Exercise prompt: Give back the full set of entries exactly, keeping each line intact.

Records shown:
lemma singular_pseudo_circle_subset_D_env:
  assumes "open I" "\<forall>t\<in>I. a differentiable (at t)" "\<forall>t\<in>I. r differentiable (at t)"
    and "is_envelope I a \<sigma> r f" "t \<in> I" "vector_derivative a (at t) = 0"
  shows "pseudo_circle (a t) \<sigma> (r t) \<subseteq> D_env I a \<sigma> r"
proof
  have "\<sigma> * r t * vector_derivative r (at t) = 0"
    using envelope_tangency[OF assms(1,4,5)] assms(2,3,5,6) by (simp add: mink.zero_left)
  moreover fix p assume "p \<in> pseudo_circle (a t) \<sigma> (r t)"
  ultimately show "p \<in> D_env I a \<sigma> r"
    unfolding D_env_iff[OF assms(2,3)] using assms(5,6) by (auto simp: mink.zero_left)
qed

lemma D_env_subset:
  assumes "open I" "frontal I a" "smooth_on I r" "is_envelope I a \<sigma> r f"
  shows "D_env I a \<sigma> r \<subseteq> envelope_union I a \<sigma> r \<union>
    (\<Union>t\<in>{t\<in>I. vector_derivative a (at t) = 0}. pseudo_circle (a t) \<sigma> (r t))"
proof
  obtain \<nu> e where a: "smooth_on I a" and \<nu>: "smooth_on I \<nu>" and "e \<noteq> 0"
    and unit: "\<forall>t\<in>I. mink (\<nu> t) (\<nu> t) = e"
    and normal: "\<forall>t\<in>I. mink (vector_derivative a (at t)) (\<nu> t) = 0"
    using assms(2) unfolding frontal_def by (metis zero_neq_neg_one zero_neq_one)
  have da: "\<forall>t\<in>I. a differentiable (at t)" and dr: "\<forall>t\<in>I. r differentiable (at t)"
    using a assms(3) smooth_on_imp_differentiable by blast+
  fix p assume "p \<in> D_env I a \<sigma> r"
  then obtain t where t: "t \<in> I" and p: "p \<in> pseudo_circle (a t) \<sigma> (r t)"
    and tangent: "mink (vector_derivative a (at t)) (p - a t) = - (\<sigma> * r t * vector_derivative r (at t))"
    unfolding D_env_iff[OF da dr] by blast
  show "p \<in> envelope_union I a \<sigma> r \<union>
    (\<Union>t\<in>{t\<in>I. vector_derivative a (at t) = 0}. pseudo_circle (a t) \<sigma> (r t))"
  proof (cases "vector_derivative a (at t) = 0")
    case True
    then show ?thesis using t p by blast
  next
    case False
    have "p - a t = f t - a t \<or> p - a t = mink_reflect (\<nu> t) (f t - a t)"
    proof (rule mink_self_eq_orthogonal_cases[OF False])
      show "mink (vector_derivative a (at t)) (\<nu> t) = 0" "mink (\<nu> t) (\<nu> t) \<noteq> 0"
        using normal unit \<open>e \<noteq> 0\<close> t by auto
      show "mink (vector_derivative a (at t)) (p - a t - (f t - a t)) = 0"
        using tangent envelope_tangency[OF assms(1,4) t] da dr t by (simp add: mink.diff_right)
      show "mink (p - a t) (p - a t) = mink (f t - a t) (f t - a t)"
        using p assms(4) t unfolding is_envelope_def pseudo_circle_def by auto
    qed
    then have "p = f t \<or> p = a t + mink_reflect (\<nu> t) (f t - a t)"
      by (auto simp: algebra_simps)
    then show ?thesis
      using envelope_mink_reflect[OF assms(1) a \<nu> \<open>e \<noteq> 0\<close> unit normal dr assms(4)] assms(4) t
      unfolding envelope_union_def by blast
  qed
qed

Answer to the problem:
lemma singular_pseudo_circle_subset_D_env:
  assumes "open I" "\<forall>t\<in>I. a differentiable (at t)" "\<forall>t\<in>I. r differentiable (at t)"
    and "is_envelope I a \<sigma> r f" "t \<in> I" "vector_derivative a (at t) = 0"
  shows "pseudo_circle (a t) \<sigma> (r t) \<subseteq> D_env I a \<sigma> r"
proof
  have "\<sigma> * r t * vector_derivative r (at t) = 0"
    using envelope_tangency[OF assms(1,4,5)] assms(2,3,5,6) by (simp add: mink.zero_left)
  moreover fix p assume "p \<in> pseudo_circle (a t) \<sigma> (r t)"
  ultimately show "p \<in> D_env I a \<sigma> r"
    unfolding D_env_iff[OF assms(2,3)] using assms(5,6) by (auto simp: mink.zero_left)
qed

lemma D_env_subset:
  assumes "open I" "frontal I a" "smooth_on I r" "is_envelope I a \<sigma> r f"
  shows "D_env I a \<sigma> r \<subseteq> envelope_union I a \<sigma> r \<union>
    (\<Union>t\<in>{t\<in>I. vector_derivative a (at t) = 0}. pseudo_circle (a t) \<sigma> (r t))"
proof
  obtain \<nu> e where a: "smooth_on I a" and \<nu>: "smooth_on I \<nu>" and "e \<noteq> 0"
    and unit: "\<forall>t\<in>I. mink (\<nu> t) (\<nu> t) = e"
    and normal: "\<forall>t\<in>I. mink (vector_derivative a (at t)) (\<nu> t) = 0"
    using assms(2) unfolding frontal_def by (metis zero_neq_neg_one zero_neq_one)
  have da: "\<forall>t\<in>I. a differentiable (at t)" and dr: "\<forall>t\<in>I. r differentiable (at t)"
    using a assms(3) smooth_on_imp_differentiable by blast+
  fix p assume "p \<in> D_env I a \<sigma> r"
  then obtain t where t: "t \<in> I" and p: "p \<in> pseudo_circle (a t) \<sigma> (r t)"
    and tangent: "mink (vector_derivative a (at t)) (p - a t) = - (\<sigma> * r t * vector_derivative r (at t))"
    unfolding D_env_iff[OF da dr] by blast
  show "p \<in> envelope_union I a \<sigma> r \<union>
    (\<Union>t\<in>{t\<in>I. vector_derivative a (at t) = 0}. pseudo_circle (a t) \<sigma> (r t))"
  proof (cases "vector_derivative a (at t) = 0")
    case True
    then show ?thesis using t p by blast
  next
    case False
    have "p - a t = f t - a t \<or> p - a t = mink_reflect (\<nu> t) (f t - a t)"
    proof (rule mink_self_eq_orthogonal_cases[OF False])
      show "mink (vector_derivative a (at t)) (\<nu> t) = 0" "mink (\<nu> t) (\<nu> t) \<noteq> 0"
        using normal unit \<open>e \<noteq> 0\<close> t by auto
      show "mink (vector_derivative a (at t)) (p - a t - (f t - a t)) = 0"
        using tangent envelope_tangency[OF assms(1,4) t] da dr t by (simp add: mink.diff_right)
      show "mink (p - a t) (p - a t) = mink (f t - a t) (f t - a t)"
        using p assms(4) t unfolding is_envelope_def pseudo_circle_def by auto
    qed
    then have "p = f t \<or> p = a t + mink_reflect (\<nu> t) (f t - a t)"
      by (auto simp: algebra_simps)
    then show ?thesis
      using envelope_mink_reflect[OF assms(1) a \<nu> \<open>e \<noteq> 0\<close> unit normal dr assms(4)] assms(4) t
      unfolding envelope_union_def by blast
  qed
qed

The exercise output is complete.